====== Data shown ======

(* Let $\mathcal C$ be a concept hierarchy, $r_1,r_2,\epsilon\in[0,1]$ with $r_1\le r_2(1-\epsilon)$, $m$ a positive integer, and let $\mathcal H$ be the network defined below with a fixed failed set $F$ satisfying the stated constraint. Then for every $B\subseteq C_0$ presented at time 0 and every concept $c$ with $c\notin supp_{r_1}(B)$, no neuron $v\in reps(c)$ fires at time $level(c)$.
   Context: Concept hierarchies: fix positive integers $\ell_{max},n,k$. A universal set $D$ of concepts is partitioned into disjoint sets $D_0,\dots,D_{\ell_{max}}$ with $|D_0|=n$; $level(c)=\ell$ for $c\in D_\ell$. A concept hierarchy $\mathcal C$ consists of $C\subseteq D$, with $C_\ell=C\cap D_\ell$, and for each $c\in C_\ell$ with $1\le\ell\le\ell_{max}$ a set $children(c)\subseteq C_{\ell-1}$, such that $|C_{\ell_{max}}|=k$, $|children(c)|=k$ for all such $c$, and $children(c)\cap children(c')=\emptyset$ for distinct $c,c'\in C_\ell$. For $B\subseteq D_0$ and $r\in[0,1]$: $B(0)=B\cap C_0$; for $1\le\ell\le\ell_{max}$, $B(\ell)=\{c\in C_\ell:|children(c)\cap B(\ell-1)|\ge rk\}$; $supp_r(B)=\bigcup_{\ell}B(\ell)$. Network $\mathcal H$: neurons partitioned into layers $N_0,\dots,N_{\ell_{max}}$. Each $c\in D_0$ has a set $reps(c)$ of $m$ neurons in $N_0$, each $c\in C$ with $level(c)\ge1$ a set $reps(c)$ of $m$ neurons in $N_{level(c)}$, all pairwise disjoint. For $u\in N_{\ell-1}$, $v\in N_\ell$: $w(u,v)=1$ iff $v\in reps(c)$ and $u\in reps(c')$ for a child $c'$ of $c$, else $0$. Threshold $\tau=r_2km(1-\epsilon)$. A fixed set $F$ of neurons is failed (failed neurons never fire), such that for every concept $c$ at least $m(1-\epsilon)$ neurons of $reps(c)$ are not in $F$. Input $B\subseteq C_0$ presented at time 0: a layer-0 neuron fires at time 0 iff it is in $\bigcup_{b\in B}reps(b)\setminus F$, and no layer-0 neuron fires at any other time. A non-failed $v\in N_\ell$, $\ell\ge1$, does not fire at time 0 and fires at time $t\ge1$ iff $\sum_{u\in N_{\ell-1}}w(u,v)x_u(t-1)\ge\tau$, where $x_u(s)\in\{0,1\}$ indicates whether $u$ fires at time $s$. *)

theory Defs
  imports Complex_Main
begin

definition concept_hierarchy ::
  "'c set \<Rightarrow> ('c \<Rightarrow> nat) \<Rightarrow> nat \<Rightarrow> nat \<Rightarrow> nat \<Rightarrow> 'c set \<Rightarrow> ('c \<Rightarrow> 'c set) \<Rightarrow> bool" where
  "concept_hierarchy D level lmax n k C children \<longleftrightarrow>
     (\<forall>c\<in>D. level c \<le> lmax) \<and>
     card {c\<in>D. level c = 0} = n \<and>
     C \<subseteq> D \<and>
     card {c\<in>C. level c = lmax} = k \<and>
     (\<forall>c\<in>C. 1 \<le> level c \<longrightarrow>
        children c \<subseteq> {c'\<in>C. level c' = level c - 1} \<and> card (children c) = k) \<and>
     (\<forall>c\<in>C. \<forall>c'\<in>C. 1 \<le> level c \<and> level c' = level c \<and> c \<noteq> c' \<longrightarrow>
        children c \<inter> children c' = {})"

fun Blev :: "'c set \<Rightarrow> ('c \<Rightarrow> nat) \<Rightarrow> ('c \<Rightarrow> 'c set) \<Rightarrow> nat \<Rightarrow> real \<Rightarrow> 'c set \<Rightarrow> nat \<Rightarrow> 'c set" where
  "Blev C level children k r B 0 = B \<inter> {c\<in>C. level c = 0}"
| "Blev C level children k r B (Suc l) =
     {c\<in>C. level c = Suc l \<and> real (card (children c \<inter> Blev C level children k r B l)) \<ge> r * real k}"

definition supp ::
  "'c set \<Rightarrow> ('c \<Rightarrow> nat) \<Rightarrow> ('c \<Rightarrow> 'c set) \<Rightarrow> nat \<Rightarrow> nat \<Rightarrow> real \<Rightarrow> 'c set \<Rightarrow> 'c set" where
  "supp C level children k lmax r B = (\<Union>l\<in>{0..lmax}. Blev C level children k r B l)"

definition rep_concepts :: "'c set \<Rightarrow> ('c \<Rightarrow> nat) \<Rightarrow> 'c set \<Rightarrow> 'c set" where
  "rep_concepts D level C = {c\<in>D. level c = 0} \<union> {c\<in>C. 1 \<le> level c}"

definition network ::
  "'c set \<Rightarrow> ('c \<Rightarrow> nat) \<Rightarrow> nat \<Rightarrow> 'c set \<Rightarrow> 'n set \<Rightarrow> ('n \<Rightarrow> nat) \<Rightarrow> ('c \<Rightarrow> 'n set) \<Rightarrow> nat \<Rightarrow> bool" where
  "network D level lmax C N layer reps m \<longleftrightarrow>
     finite N \<and> (\<forall>u\<in>N. layer u \<le> lmax) \<and>
     (\<forall>c\<in>rep_concepts D level C.
        reps c \<subseteq> N \<and> (\<forall>u\<in>reps c. layer u = level c) \<and> card (reps c) = m) \<and>
     (\<forall>c\<in>rep_concepts D level C. \<forall>c'\<in>rep_concepts D level C.
        c \<noteq> c' \<longrightarrow> reps c \<inter> reps c' = {})"

definition weight :: "'c set \<Rightarrow> ('c \<Rightarrow> nat) \<Rightarrow> ('c \<Rightarrow> 'c set) \<Rightarrow> ('c \<Rightarrow> 'n set) \<Rightarrow> 'n \<Rightarrow> 'n \<Rightarrow> real" where
  "weight C level children reps u v =
     (if \<exists>c\<in>C. 1 \<le> level c \<and> v \<in> reps c \<and> (\<exists>c'\<in>children c. u \<in> reps c') then 1 else 0)"

fun fires :: "'c set \<Rightarrow> ('c \<Rightarrow> nat) \<Rightarrow> ('c \<Rightarrow> 'c set) \<Rightarrow> ('c \<Rightarrow> 'n set) \<Rightarrow> 'n set \<Rightarrow> ('n \<Rightarrow> nat)
     \<Rightarrow> 'n set \<Rightarrow> real \<Rightarrow> 'c set \<Rightarrow> 'n \<Rightarrow> nat \<Rightarrow> bool" where
  "fires C level children reps N layer F tau B u 0 =
     (u \<in> N \<and> layer u = 0 \<and> u \<in> (\<Union>b\<in>B. reps b) - F)"
| "fires C level children reps N layer F tau B u (Suc t) =
     (u \<in> N \<and> u \<notin> F \<and> 1 \<le> layer u \<and>
      (\<Sum>u'\<in>{u'\<in>N. layer u' = layer u - 1}.
          weight C level children reps u' u *
          (if fires C level children reps N layer F tau B u' t then 1 else 0)) \<ge> tau)"

end

theory Submission
  imports Defs
begin

text \<open>A neuron of reps c at level l + 1 receives weight only from
  the representatives of the children of c. By induction, a child whose representatives fire
  at time l lies in B(l), and c \<notin> B(l + 1) means fewer than r1 k such children, each with
  m representatives. So the input is below r1 k m \<le> r2 k m (1 - \<epsilon>), the threshold.\<close>

locale concept_network =
  fixes D C :: "'c set" and level :: "'c \<Rightarrow> nat" and lmax n k :: nat
    and children :: "'c \<Rightarrow> 'c set"
    and N :: "'n set" and layer :: "'n \<Rightarrow> nat" and reps :: "'c \<Rightarrow> 'n set" and m :: nat
  assumes hierarchy: "concept_hierarchy D level lmax n k C children"
    and net: "network D level lmax C N layer reps m"
begin

lemma C_subset_D: "C \<subseteq> D"
  using hierarchy by (simp add: concept_hierarchy_def)

lemma level_le_lmax: "c \<in> rep_concepts D level C \<Longrightarrow> level c \<le> lmax"
  using hierarchy C_subset_D by (auto simp: concept_hierarchy_def rep_concepts_def)

lemma children_subset:
  "c \<in> C \<Longrightarrow> 1 \<le> level c \<Longrightarrow> children c \<subseteq> {c'\<in>C. level c' = level c - 1}"
  using hierarchy by (simp add: concept_hierarchy_def)

lemma card_children: "c \<in> C \<Longrightarrow> 1 \<le> level c \<Longrightarrow> card (children c) = k"
  using hierarchy by (simp add: concept_hierarchy_def)

lemma finite_children: "0 < k \<Longrightarrow> c \<in> C \<Longrightarrow> 1 \<le> level c \<Longrightarrow> finite (children c)"
  using card_children card_ge_0_finite by metis

lemma children_subset_rep_concepts:
  "c \<in> C \<Longrightarrow> 1 \<le> level c \<Longrightarrow> children c \<subseteq> rep_concepts D level C"
  using children_subset C_subset_D by (fastforce simp: rep_concepts_def)

lemma finite_N: "finite N"
  using net by (simp add: network_def)

lemma finite_reps: "c \<in> rep_concepts D level C \<Longrightarrow> finite (reps c)"
  using net unfolding network_def by (meson finite_subset)

lemma card_reps: "c \<in> rep_concepts D level C \<Longrightarrow> card (reps c) = m"
  using net by (simp add: network_def)

lemma layer_reps: "c \<in> rep_concepts D level C \<Longrightarrow> u \<in> reps c \<Longrightarrow> layer u = level c"
  using net by (simp add: network_def)

lemma reps_inj:
  "c \<in> rep_concepts D level C \<Longrightarrow> c' \<in> rep_concepts D level C \<Longrightarrow> v \<in> reps c \<Longrightarrow> v \<in> reps c'
    \<Longrightarrow> c = c'"
  using net unfolding network_def by blast

lemma card_UN_reps_le:
  assumes "finite G" and "G \<subseteq> rep_concepts D level C"
  shows "card (\<Union>c\<in>G. reps c) \<le> card G * m"
proof -
  have "card (\<Union>c\<in>G. reps c) \<le> (\<Sum>c\<in>G. card (reps c))"
    using assms(1) by (rule card_UN_le)
  also have "\<dots> = card G * m"
    using assms(2) card_reps by (simp add: subset_iff)
  finally show ?thesis .
qed

lemma weight_nonzero_imp_child:
  assumes "c \<in> rep_concepts D level C" and "v \<in> reps c"
    and "weight C level children reps u v \<noteq> 0"
  obtains c' where "c' \<in> children c" and "u \<in> reps c'"
proof -
  from assms(3) obtain c'' c' where
    "c'' \<in> C" "1 \<le> level c''" "v \<in> reps c''" "c' \<in> children c''" "u \<in> reps c'"
    unfolding weight_def by (auto split: if_splits)
  moreover have "c'' = c"
    using reps_inj[OF _ assms(1) _ assms(2), of c''] calculation
    by (auto simp: rep_concepts_def)
  ultimately show ?thesis using that by blast
qed

lemma input_le_firing_children:
  fixes F :: "'n set" and tau :: real and B :: "'c set" and t :: nat
  assumes "0 < k" and "c \<in> C" and "1 \<le> level c" and "v \<in> reps c"
  defines "fired \<equiv> {c'\<in>children c. \<exists>u\<in>reps c'. fires C level children reps N layer F tau B u t}"
  shows "(\<Sum>u\<in>{u\<in>N. layer u = layer v - 1}. weight C level children reps u v *
            (if fires C level children reps N layer F tau B u t then 1 else 0))
         \<le> real (card fired * m)"
    (is "(\<Sum>u\<in>?S. ?input u) \<le> _")
proof -
  define T where "T = (\<Union>c'\<in>fired. reps c')"
  have c_rep: "c \<in> rep_concepts D level C"
    using assms(2,3) by (simp add: rep_concepts_def)
  have fired_rep: "fired \<subseteq> rep_concepts D level C"
    using children_subset_rep_concepts[OF assms(2,3)] by (auto simp: fired_def)
  have finite_fired: "finite fired"
    using finite_children[OF assms(1-3)] by (simp add: fired_def)
  have "?input u \<le> of_bool (u \<in> T)" for u
  proof (cases "weight C level children reps u v \<noteq> 0 \<and> fires C level children reps N layer F tau B u t")
    case True
    then obtain c' where c': "c' \<in> children c" "u \<in> reps c'"
      using weight_nonzero_imp_child[OF c_rep assms(4)] by blast
    with True have "c' \<in> fired"
      unfolding fired_def by blast
    with c' have "u \<in> T" by (auto simp: T_def)
    then show ?thesis by (simp add: weight_def)
  qed auto
  then have "(\<Sum>u\<in>?S. ?input u) \<le> (\<Sum>u\<in>?S. of_bool (u \<in> T))"
    by (rule sum_mono)
  also have "\<dots> = real (card (?S \<inter> T))"
    using finite_N by simp
  also have "\<dots> \<le> real (card T)"
  proof -
    have "finite T"
      unfolding T_def using finite_fired fired_rep finite_reps by blast
    then show ?thesis
      using card_mono[OF _ Int_lower2] by simp
  qed
  also have "\<dots> \<le> real (card fired * m)"
    using card_UN_reps_le[OF finite_fired fired_rep] unfolding T_def of_nat_le_iff .
  finally show ?thesis .
qed

lemma not_fires_0:
  assumes "B \<subseteq> {c'\<in>C. level c' = 0}"
    and "c \<in> rep_concepts D level C" and "c \<notin> B" and "v \<in> reps c"
  shows "\<not> fires C level children reps N layer F tau B v 0"
proof
  assume "fires C level children reps N layer F tau B v 0"
  then obtain b where "b \<in> B" and "v \<in> reps b" by auto
  moreover have "b \<in> rep_concepts D level C"
    using \<open>b \<in> B\<close> assms(1) C_subset_D by (auto simp: rep_concepts_def)
  ultimately show False
    using reps_inj[OF assms(2) _ assms(4)] assms(3) by blast
qed

lemma not_fires_outside_Blev:
  assumes "0 < k" and "0 < m" and "r1 * real k * real m \<le> tau"
    and "B \<subseteq> {c'\<in>C. level c' = 0}"
    and "c \<in> rep_concepts D level C" and "c \<notin> Blev C level children k r1 B (level c)"
    and "v \<in> reps c"
  shows "\<not> fires C level children reps N layer F tau B v (level c)"
  using assms(5-7)
proof (induction "level c" arbitrary: c v)
  case 0
  then have "level c = 0" by simp
  moreover from this have "c \<notin> B"
    using "0.prems"(2) assms(4) by auto
  ultimately show ?case
    using not_fires_0[OF assms(4) "0.prems"(1) _ "0.prems"(3)] by simp
next
  case (Suc l)
  let ?fires = "fires C level children reps N layer F tau B"
  let ?fired = "{c'\<in>children c. \<exists>u\<in>reps c'. ?fires u l}"
  let ?supported = "children c \<inter> Blev C level children k r1 B l"
  have level_c: "level c = Suc l"
    using Suc.hyps(2) by simp
  have c: "c \<in> C" "1 \<le> level c"
    using level_c Suc.prems(1) by (auto simp: rep_concepts_def)
  have "?fired \<subseteq> ?supported"
  proof
    fix c' assume "c' \<in> ?fired"
    then obtain u where c': "c' \<in> children c" "u \<in> reps c'" "?fires u l" by blast
    have level_c': "level c' = l"
      using children_subset[OF c] c'(1) level_c by auto
    have "c' \<in> rep_concepts D level C"
      using children_subset_rep_concepts[OF c] c'(1) by blast
    then have "c' \<in> Blev C level children k r1 B l"
      using Suc.hyps(1)[OF level_c'[symmetric] _ _ c'(2)] c'(3) level_c' by auto
    with c'(1) show "c' \<in> ?supported" by blast
  qed
  then have "card ?fired \<le> card ?supported"
    by (rule card_mono[rotated]) (use finite_children[OF assms(1) c] in simp)
  moreover have "real (card ?supported) < r1 * real k"
    using Suc.prems(2) c(1) level_c by auto
  ultimately have "real (card ?fired * m) < r1 * real k * real m"
    using assms(2) by (simp add: mult_strict_right_mono le_less_trans)
  moreover have "layer v - 1 = l"
    using layer_reps[OF Suc.prems(1,3)] level_c by simp
  ultimately show ?case
    using input_le_firing_children[OF assms(1) c Suc.prems(3), of F tau B l] assms(3) level_c
    by simp
qed

end

theorem theorem7p4:
  fixes D C :: "'c set" and level :: "'c \<Rightarrow> nat" and children :: "'c \<Rightarrow> 'c set"
    and lmax n k m :: nat and r1 r2 \<epsilon> :: real
    and N F :: "'n set" and layer :: "'n \<Rightarrow> nat" and reps :: "'c \<Rightarrow> 'n set"
    and B :: "'c set" and c :: 'c and v :: 'n
  assumes "0 < lmax" and "0 < n" and "0 < k" and "0 < m"
    and "concept_hierarchy D level lmax n k C children"
    and "0 \<le> r1" and "r1 \<le> 1" and "0 \<le> r2" and "r2 \<le> 1" and "0 \<le> \<epsilon>" and "\<epsilon> \<le> 1"
    and "r1 \<le> r2 * (1 - \<epsilon>)"
    and "network D level lmax C N layer reps m"
    and "\<forall>c'\<in>rep_concepts D level C. real (card (reps c' - F)) \<ge> real m * (1 - \<epsilon>)"
    and "B \<subseteq> {c'\<in>C. level c' = 0}"
    and "c \<in> rep_concepts D level C"
    and "c \<notin> supp C level children k lmax r1 B"
    and "v \<in> reps c"
  shows "\<not> fires C level children reps N layer F (r2 * real k * real m * (1 - \<epsilon>)) B v (level c)"
proof -
  interpret concept_network D C level lmax n k children N layer reps m
    using assms(5,13) by unfold_locales
  have "r1 * (real k * real m) \<le> r2 * (1 - \<epsilon>) * (real k * real m)"
    using assms(12) by (intro mult_right_mono) auto
  then have threshold: "r1 * real k * real m \<le> r2 * real k * real m * (1 - \<epsilon>)"
    by (simp add: algebra_simps)
  have "c \<notin> Blev C level children k r1 B (level c)"
    using assms(17) level_le_lmax[OF assms(16)] by (auto simp: supp_def)
  then show ?thesis
    using not_fires_outside_Blev[OF assms(3,4) threshold assms(15,16)] assms(18) by blast
qed

end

======

▶ Task
Reproduce only the lines above spanning from the line containing "nat) \<Rightarrow> 'c" through the line containing "finite N \<and>", word for word.

▶ Result for this task
definition rep_concepts :: "'c set \<Rightarrow> ('c \<Rightarrow> nat) \<Rightarrow> 'c set \<Rightarrow> 'c set" where
  "rep_concepts D level C = {c\<in>D. level c = 0} \<union> {c\<in>C. 1 \<le> level c}"

definition network ::
  "'c set \<Rightarrow> ('c \<Rightarrow> nat) \<Rightarrow> nat \<Rightarrow> 'c set \<Rightarrow> 'n set \<Rightarrow> ('n \<Rightarrow> nat) \<Rightarrow> ('c \<Rightarrow> 'n set) \<Rightarrow> nat \<Rightarrow> bool" where
  "network D level lmax C N layer reps m \<longleftrightarrow>
     finite N \<and> (\<forall>u\<in>N. layer u \<le> lmax) \<and>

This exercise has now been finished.